Stephany,

I can't believe they sent your mom home before getting her pain under control. Have the doctors said why they can't get it controlled? Please make sure the hospice people know how bad it is. They should be able to help.

I'm sorry I can't help you on the question about a nurse. Every insurance is different and I don't really know anything about how medicare works. I guess you would have to call the ins. co. Actually, the hospice group should have a social worker or coordinator who should be able to help you with stuff like that. Our hospice also had volunteers to come in on days that the nurse didn't. We never used them, but I know they were available. Again, there should be a hospice coordinator who can help you with all this. Please don't hesitate to use all the services they provide. You and your dad will quickly wear yourselves to a frazzle trying to do it all yourself.

I want to add something to one of my previous comments. I said I thought Heather would have lived longer if she had better nutrition and if the tumor hadn't moved into her spine. The reason I felt that way was because the chemo she was on was starting to shrink the tumors. In fact, for a short time, she had an amazing turnaround. But because of the complications from the destruction of her vertebrae and the digestive issues she suffered, she couldn't continue receiving chemo. She was just too weak. It really wasn't too long after she stopped chemo that she died.

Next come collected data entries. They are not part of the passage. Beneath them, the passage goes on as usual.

(* Let $(Z,d,\nu)$ be a compact metric measure space with $\nu$ a doubling Borel regular measure, and let $0<s<1$. If $E\subset Z$ is such that $\chi_E\in B^s_{1,1}(Z)$, then $\mathcal{H}^{-s}(\partial^*E)=0$.
   Context: A measure $\nu$ is doubling if there is $C_\nu\ge1$ with $0<\nu(B(x,2r))\le C_\nu\,\nu(B(x,r))<\infty$ for all $x\in Z$, $r>0$. For $0<s<1$, $B^s_{1,1}(Z)$ consists of those $u\in L^1(Z)$ with $\int_Z\int_Z\frac{|u(y)-u(x)|}{d(x,y)^s\,\nu(B(x,d(x,y)))}\,d\nu(y)\,d\nu(x)<\infty$. The measure-theoretic boundary $\partial^*E$ is the set of $x\in Z$ with $\limsup_{r\to0^+}\frac{\nu(B(x,r)\cap E)}{\nu(B(x,r))}>0$ and $\limsup_{r\to0^+}\frac{\nu(B(x,r)\setminus E)}{\nu(B(x,r))}>0$. For $t>0$, the codimension $t$ Hausdorff content is $\mathcal{H}^{-t}_r(A)=\inf\{\sum_i\frac{\nu(B_i)}{\mathrm{rad}(B_i)^t}: A\subset\bigcup_iB_i,\ \mathrm{rad}(B_i)\le r\}$ (countable covers by balls) and the codimension $t$ Hausdorff measure is $\mathcal{H}^{-t}(A)=\lim_{r\to0^+}\mathcal{H}^{-t}_r(A)$. *)

theory Defs
  imports "HOL-Analysis.Analysis" "HOL-Library.Liminf_Limsup"
begin

text \<open>Doubling measure on a metric space (whole type is the space Z).\<close>
definition doubling_measure :: "'a::metric_space measure \<Rightarrow> bool" where
  "doubling_measure M \<longleftrightarrow> (\<exists>C::real. C \<ge> 1 \<and>
     (\<forall>x r. r > 0 \<longrightarrow>
        0 < emeasure M (ball x (2*r)) \<and>
        emeasure M (ball x (2*r)) \<le> ennreal C * emeasure M (ball x r) \<and>
        emeasure M (ball x r) < \<infinity>))"

definition borel_regular :: "'a::metric_space measure \<Rightarrow> bool" where
  "borel_regular M \<longleftrightarrow> sets borel \<subseteq> sets M \<and>
     (\<forall>A\<in>sets M. \<exists>B\<in>sets borel. A \<subseteq> B \<and> emeasure M B = emeasure M A)"

definition besov_11 :: "'a::metric_space measure \<Rightarrow> real \<Rightarrow> ('a \<Rightarrow> real) set" where
  "besov_11 M s = {u. integrable M u \<and>
     (\<integral>\<^sup>+ x. (\<integral>\<^sup>+ y. ennreal (\<bar>u y - u x\<bar> /
         (dist x y powr s * measure M (ball x (dist x y)))) \<partial>M) \<partial>M) < \<infinity>}"

definition measure_boundary :: "'a::metric_space measure \<Rightarrow> 'a set \<Rightarrow> 'a set" where
  "measure_boundary M E = {x.
     Limsup (at_right 0) (\<lambda>r. ereal (measure M (ball x r \<inter> E) / measure M (ball x r))) > 0 \<and>
     Limsup (at_right 0) (\<lambda>r. ereal (measure M (ball x r - E) / measure M (ball x r))) > 0}"

definition codim_hausdorff_content ::
  "'a::metric_space measure \<Rightarrow> real \<Rightarrow> real \<Rightarrow> 'a set \<Rightarrow> ennreal" where
  "codim_hausdorff_content M t r A =
     (INF C \<in> {C :: ('a \<times> real) set. countable C \<and>
                  (\<forall>(x,\<rho>)\<in>C. 0 < \<rho> \<and> \<rho> \<le> r) \<and> A \<subseteq> (\<Union>(x,\<rho>)\<in>C. ball x \<rho>)}.
        \<integral>\<^sup>+ b. emeasure M (ball (fst b) (snd b)) / ennreal (snd b powr t) \<partial>count_space C)"

text \<open>Codimension t Hausdorff measure: limit as r \<rightarrow> 0+, which (by monotonicity in r)
  is the supremum over r > 0.\<close>
definition codim_hausdorff :: "'a::metric_space measure \<Rightarrow> real \<Rightarrow> 'a set \<Rightarrow> ennreal" where
  "codim_hausdorff M t A = (SUP r \<in> {0<..}. codim_hausdorff_content M t r A)"

end

theory Submission
  imports Defs
begin

text \<open>At a point of the measure-theoretic boundary both \<open>E\<close> and its complement have positive
  upper density. Since doubling changes a density by at most the factor \<open>Cd\<close> from one dyadic
  scale to the next, the two densities are simultaneously at least some \<open>c > 0\<close> on arbitrarily
  small balls. On such a ball \<open>B(x, r)\<close> the pairs \<open>z \<in> B \<inter> E\<close>, \<open>y \<in> B - E\<close> contribute at
  least a constant times \<open>\<mu>(B) / r^s\<close> to the Besov energy of the characteristic function of
  \<open>E\<close> restricted to pairs at distance \<open>< 2r\<close>, and \<open>\<mu>(B(x, 5r)) / (5r)^s\<close> is comparable to
  \<open>\<mu>(B) / r^s\<close>. A Vitali family of disjoint such balls of radius \<open>< \<delta>\<close>, enlarged five times,
  therefore bounds the codimension \<open>s\<close> content of these points by a constant times the energy
  of pairs at distance \<open>< 2\<delta>\<close>, which tends to \<open>0\<close> with \<open>\<delta>\<close> because the total energy is
  finite.\<close>

section \<open>The Vitali covering lemma in metric spaces\<close>

lemma cball_subset_ball_if_meets:
  fixes x y :: "'a::metric_space"
  assumes "\<not> disjnt (cball x r) (cball y R)" "r < 2 * R"
  shows "cball x r \<subseteq> ball y (5 * R)"
proof
  obtain w where "dist x w \<le> r" "dist y w \<le> R"
    using assms(1) unfolding disjnt_def by auto
  fix v assume "v \<in> cball x r"
  then have "dist y v \<le> dist y w + dist w x + dist x v"
    by (metis dist_commute dist_triangle add_right_mono order_trans)
  also have "\<dots> < 5 * R"
    using \<open>dist x w \<le> r\<close> \<open>dist y w \<le> R\<close> \<open>v \<in> cball x r\<close> assms(2)
    by (simp add: dist_commute)
  finally show "v \<in> ball y (5 * R)"
    by simp
qed

text \<open>A maximal admissible family meets every ball; a ball meeting a member of more than
  half its radius lies in the fivefold enlargement of that member.\<close>

definition Vitali_admissible :: "('a::metric_space \<Rightarrow> real) \<Rightarrow> 'a set \<Rightarrow> 'a set set" where
  "Vitali_admissible r K = {C. C \<subseteq> K \<and> pairwise (\<lambda>x y. disjnt (cball x (r x)) (cball y (r y))) C \<and>
     (\<forall>x\<in>K. \<forall>y\<in>C. \<not> disjnt (cball x (r x)) (cball y (r y)) \<longrightarrow>
        (\<exists>z\<in>C. \<not> disjnt (cball x (r x)) (cball z (r z)) \<and> r x < 2 * r z))}"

When I originally made that comment, I was trying to give you hope that your mom would live longer than Heather, even though I wasn't very hopeful that would actually happen. After reading your post about not wanting your mom to suffer needlessly, I can see that wasn't necessarily a good idea. I still don't have any idea how long your mom might have, but since she won't be having any treatment to try to shrink the tumors, I would probably guess her time would be relatively short, compared to Heather's. Especially if your mom has given up. Sometimes that can have a profound effect on the time one has left. But again, this is purely speculation and I am probably way out in left field on this one. And if I say anymore, people will think I am really loony, so I think I'll quit jabbering now. Let us know how things go.

Rosie

Was primary caregiver to my daughter Heather who had stage IV base of tongue SCC w/ primary recurrence. Original diagnosis August 21st, 2002. Primary recurrence March 18th, 2003. Died October 6th, 2003.